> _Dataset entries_
§

theorem mainTheorem11:
  fixes C :: "nat set" and p :: "nat \<Rightarrow> real" and \<phi> :: "bool list \<Rightarrow> bool" and lam :: real
  assumes "dartboard C p" and "mono_sketch \<phi>" and "0 < lam"
  shows "entropyY C p \<phi> lam = (\<Sum>\<^sub>\<infinity>i\<in>C. ennreal (Hdot (p i * lam) * prPhi0 C p \<phi> lam i))
       \<and> ennreal (lam\<^sup>2) * fisherY C p \<phi> lam = (\<Sum>\<^sub>\<infinity>i\<in>C. ennreal (Idot (p i * lam) * prPhi0 C p \<phi> lam i))"
proof -
  interpret dartboard_sketch C p \<phi> by unfold_locales (rule assms(1))
  show ?thesis using entropyY_eq[OF assms(3)] fisherY_eq[OF assms(3)] by simp
qed

end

§

> _Requirement_
Give back each record above exactly as written.

> _Response to this exercise_
theorem mainTheorem11:
  fixes C :: "nat set" and p :: "nat \<Rightarrow> real" and \<phi> :: "bool list \<Rightarrow> bool" and lam :: real
  assumes "dartboard C p" and "mono_sketch \<phi>" and "0 < lam"
  shows "entropyY C p \<phi> lam = (\<Sum>\<^sub>\<infinity>i\<in>C. ennreal (Hdot (p i * lam) * prPhi0 C p \<phi> lam i))
       \<and> ennreal (lam\<^sup>2) * fisherY C p \<phi> lam = (\<Sum>\<^sub>\<infinity>i\<in>C. ennreal (Idot (p i * lam) * prPhi0 C p \<phi> lam i))"
proof -
  interpret dartboard_sketch C p \<phi> by unfold_locales (rule assms(1))
  show ?thesis using entropyY_eq[OF assms(3)] fisherY_eq[OF assms(3)] by simp
qed

end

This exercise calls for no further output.